━━━━━ DATASET CONTENT

lemma simple_graph_no_loop:
  assumes "simple_graph V E" shows "{x} \<notin> E"
  using assms unfolding simple_graph_def by fastforce

lemma simple_graph_neighbours_subset:
  assumes "simple_graph V E" shows "neighbours E v \<subseteq> V"
  using simple_graph_edge_in_verts[OF assms] unfolding neighbours_def by blast

lemma simple_graph_Diff: "simple_graph V E \<Longrightarrow> simple_graph V (E - F)"
  unfolding simple_graph_def by blast

lemma card_ge_2_ex_neq:
  assumes "2 \<le> card A" shows "\<exists>y\<in>A. y \<noteq> x"
proof (rule ccontr)
  assume "\<not> (\<exists>y\<in>A. y \<noteq> x)"
  then have "card A \<le> card {x}" by (intro card_mono) auto
  then show False using assms by simp
qed

lemma reachable_refl: "x \<in> V \<Longrightarrow> reachable V E x x"
  unfolding reachable_def by simp

lemma reachable_edge: "x \<in> V \<Longrightarrow> y \<in> V \<Longrightarrow> {x, y} \<in> E \<Longrightarrow> reachable V E x y"
  unfolding reachable_def by (simp add: r_into_rtranclp)

lemma reachable_trans: "reachable V E x y \<Longrightarrow> reachable V E y z \<Longrightarrow> reachable V E x z"
  unfolding reachable_def by (meson rtranclp_trans)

━━━━━━━━━━

WORK INSTRUCTIONS:
Extract every record and return it verbatim.

RESPONSE TO THE TASK:
lemma simple_graph_no_loop:
  assumes "simple_graph V E" shows "{x} \<notin> E"
  using assms unfolding simple_graph_def by fastforce

lemma simple_graph_neighbours_subset:
  assumes "simple_graph V E" shows "neighbours E v \<subseteq> V"
  using simple_graph_edge_in_verts[OF assms] unfolding neighbours_def by blast

lemma simple_graph_Diff: "simple_graph V E \<Longrightarrow> simple_graph V (E - F)"
  unfolding simple_graph_def by blast

lemma card_ge_2_ex_neq:
  assumes "2 \<le> card A" shows "\<exists>y\<in>A. y \<noteq> x"
proof (rule ccontr)
  assume "\<not> (\<exists>y\<in>A. y \<noteq> x)"
  then have "card A \<le> card {x}" by (intro card_mono) auto
  then show False using assms by simp
qed

lemma reachable_refl: "x \<in> V \<Longrightarrow> reachable V E x x"
  unfolding reachable_def by simp

lemma reachable_edge: "x \<in> V \<Longrightarrow> y \<in> V \<Longrightarrow> {x, y} \<in> E \<Longrightarrow> reachable V E x y"
  unfolding reachable_def by (simp add: r_into_rtranclp)

lemma reachable_trans: "reachable V E x y \<Longrightarrow> reachable V E y z \<Longrightarrow> reachable V E x z"
  unfolding reachable_def by (meson rtranclp_trans)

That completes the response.